В красивой лесной местности, куда не доходил асфальт, где машины застревали в полноводных лужах, у Васина была хибарка из подручных матерьялов. Вокруг все обживали дачные участки. В ту осень будущий поселок выглядел как первобытное стойбище. Первые поселенцы, наработавшись за день, отогревались у костров и самодельных печурок.
Майя восхищалась допотопным самоваром и собственноручно повесила подкову на ржавый гвоздь. Васин сдвигал ящики, придумывая, как усадить гостей. Был яркий осенний день. Энцо вышел из леса с девятилетней девочкой — дочкой Майи, они набрали грибов и листьев, и Олечка показывала, как она умеет ходить по бревну, можно и с закрытыми глазами.

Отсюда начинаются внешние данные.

lemma distr_eq_density_of_linear_sublevels:
  fixes q :: "'a \<Rightarrow> real" and c :: ennreal
  assumes [measurable]: "q \<in> borel_measurable M" and q_nonneg: "\<And>x. x \<in> space M \<Longrightarrow> 0 \<le> q x"
    and sublevel: "\<And>s. 0 < s \<Longrightarrow> emeasure M {x \<in> space M. q x < s} = ennreal s * c"
    and "c < \<infinity>"
  shows "distr M borel q = density lborel (\<lambda>s. c * indicator {0<..} s)"
proof (rule measure_eqI_Iio)
  have distr: "emeasure (distr M borel q) {..<s} = ennreal s * c" for s
  proof (cases "0 < s")
    case True
    have "q -` {..<s} \<inter> space M = {x \<in> space M. q x < s}" by auto
    then show ?thesis using sublevel[OF True] by (simp add: emeasure_distr)
  next
    case False
    then have "q -` {..<s} \<inter> space M = {}" using q_nonneg by (force simp: not_less)
    then show ?thesis using False by (simp add: emeasure_distr ennreal_neg)
  qed
  have "emeasure (density lborel (\<lambda>s. c * indicator {0<..} s)) {..<s} =
      (\<integral>\<^sup>+t. c * indicator {0<..} t * indicator {..<s} t \<partial>lborel)" for s :: real
    by (rule emeasure_density) auto
  also have "\<dots> s = (\<integral>\<^sup>+t. c * indicator {0<..<s} t \<partial>lborel)" for s
    by (auto intro!: nn_integral_cong simp: indicator_def)
  also have "\<dots> s = ennreal s * c" for s
    by (cases "0 \<le> s") (auto simp: nn_integral_cmult_indicator ennreal_neg mult.commute)
  finally show "emeasure (distr M borel q) {..<s} = emeasure (density lborel (\<lambda>s. c * indicator {0<..} s)) {..<s}" for s
    using distr by simp
  show "emeasure (distr M borel q) {..<s} < \<infinity>" for s
    using distr \<open>c < \<infinity>\<close> by (simp add: ennreal_mult_less_top)
qed simp_all

lemma nn_integral_comp_of_distr_eq_density:
  fixes q :: "'a \<Rightarrow> real"
  assumes "distr M borel q = density lborel (\<lambda>s. c * indicator {0<..} s)"
    and [measurable]: "q \<in> borel_measurable M" "f \<in> borel_measurable borel"
  shows "(\<integral>\<^sup>+x. f (q x) \<partial>M) = c * (\<integral>\<^sup>+s\<in>{0<..}. f s \<partial>lborel)"
proof -
  have "(\<integral>\<^sup>+x. f (q x) \<partial>M) = (\<integral>\<^sup>+s. f s \<partial>distr M borel q)"
    by (simp add: nn_integral_distr)
  also have "\<dots> = (\<integral>\<^sup>+s. c * (f s * indicator {0<..} s) \<partial>lborel)"
    unfolding assms(1) by (simp add: nn_integral_density ac_simps)
  also have "\<dots> = c * (\<integral>\<^sup>+s\<in>{0<..}. f s \<partial>lborel)"
    by (simp add: nn_integral_cmult)
  finally show ?thesis .
qed
lemma guard_sat_image:
  assumes as: "guard_sat g A as" and F_univ: "F ` set as \<subseteq> univ B"
    and F_rel: "\<And>R t. t \<in> rel A R \<Longrightarrow> set t \<subseteq> set as \<Longrightarrow> map F t \<in> rel B R"
  shows "guard_sat g B (map F as)"
proof (cases g)
  case AtomGuard
  then have "(\<exists>a. set as = {a}) \<or> (\<exists>R t. t \<in> rel A R \<and> set t = set as)"
    using as unfolding guard_sat_def atom_guard_def by simp
  then have "(\<exists>b. set (map F as) = {b}) \<or> (\<exists>R t. t \<in> rel B R \<and> set t = set (map F as))"
  proof
    assume "\<exists>a. set as = {a}"
    then show ?thesis by auto
  next
    assume "\<exists>R t. t \<in> rel A R \<and> set t = set as"
    then obtain R t where "t \<in> rel A R" "set t = set as" by blast
    then have "map F t \<in> rel B R" "set (map F t) = set (map F as)" using F_rel by auto
    then show ?thesis by blast
  qed
  then show ?thesis
    using AtomGuard as F_univ guard_sat_nonempty unfolding guard_sat_def atom_guard_def by simp
next
  case LooseGuard
  then have pairs: "\<forall>a \<in> set as. \<forall>b \<in> set as. a \<noteq> b \<longrightarrow>
      (\<exists>R t. t \<in> rel A R \<and> set t \<subseteq> set as \<and> a \<in> set t \<and> b \<in> set t)"
    using as unfolding guard_sat_def loose_guard_def by simp
  have "\<exists>R t. t \<in> rel B R \<and> set t \<subseteq> set (map F as) \<and> x \<in> set t \<and> y \<in> set t"
    if xy: "x \<in> set (map F as)" "y \<in> set (map F as)" "x \<noteq> y" for x y
  proof -
    obtain a b where ab: "a \<in> set as" "b \<in> set as" "x = F a" "y = F b"
      using xy(1,2) by auto
    moreover have "a \<noteq> b" using ab xy(3) by blast
    ultimately obtain R t where "t \<in> rel A R" "set t \<subseteq> set as" "a \<in> set t" "b \<in> set t"
      using pairs ab(1,2) by blast
    then show ?thesis using F_rel ab by (intro exI[of _ R] exI[of _ "map F t"]) auto
  qed
  then show ?thesis
    using LooseGuard as F_univ guard_sat_nonempty unfolding guard_sat_def loose_guard_def by simp
qed

lemma guard_sat_local_image:
  assumes f: "hom (Gk g k A) B f" and as: "guard_sat g A as"
    and p: "\<forall>b \<in> set as. (p, b) \<in> fplays g k A"
  shows "guard_sat g B (map (\<lambda>b. f (cls g k A p b)) as)"
proof (rule guard_sat_image[OF as])
  show "(\<lambda>b. f (cls g k A p b)) ` set as \<subseteq> univ B"
  proof (rule image_subsetI)
    fix b assume "b \<in> set as"
    then have "cls g k A p b \<in> univ (Gk g k A)" using p by (simp add: cls_in_univ)
    then show "f (cls g k A p b) \<in> univ B" using f unfolding hom_def by blast
  qed
  fix R t assume t: "t \<in> rel A R" "set t \<subseteq> set as"
  then have "\<forall>b \<in> set t. (p, b) \<in> fplays g k A" using p by blast
  with t(1) have "map (cls g k A p) t \<in> rel (Gk g k A) R" by (rule rel_GkI)
  then have "map f (map (cls g k A p) t) \<in> rel B R" using f unfolding hom_def by blast
  then show "map (\<lambda>b. f (cls g k A p b)) t \<in> rel B R" by (simp add: comp_def)
qed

— Пускай гуляют, не зови. Надо же им познакомиться. — Майя села на ящик, закурила. — Олька тоже хочет в Италию, а я еще… посмотрим.
— Все у вас будет о'кей. — Васин нахлобучил ветровку по самые брови, занялся самоваром.
— У тебя тоже. Здесь будет вилла «Самовар». Хочешь — проект подпишу? — Майя листала толстый альбом с чертежами и эскизами. — У меня легкая рука, ты знаешь. У Галюни тяжелая, а у меня легкая.
Он вздрогнул; он, разумеется, не рассказал про ту позорную сцену.
— Откуда ты знаешь? — Значит, Галя сама рассказала. Он тихо выругался в капюшон, вскочил, пнул ящик, больно ударил ногу.
— Ну хочешь — я вас помирю? Я могу.
— Ты все можешь. Только зачем? Это начало конца. И конца ему не видно. Вот она уже Димку с нами не пустила. Ладно, перезимуем…
— Ты стал совсем другим.
— Я здесь живу. Как в пещере. Пещерный человек. Завтра пойду на мамонта.
— Я тебе напишу, ладно?
— Напиши, только куда?
Из-за горы досок показались Энцо и Оля, усталые, но довольные друг другом. Майя и Васин сделали веселые лица и хором вспомнили песню:
— «Мой адрес — не дом и не улица, мой адрес — Советский Союз…»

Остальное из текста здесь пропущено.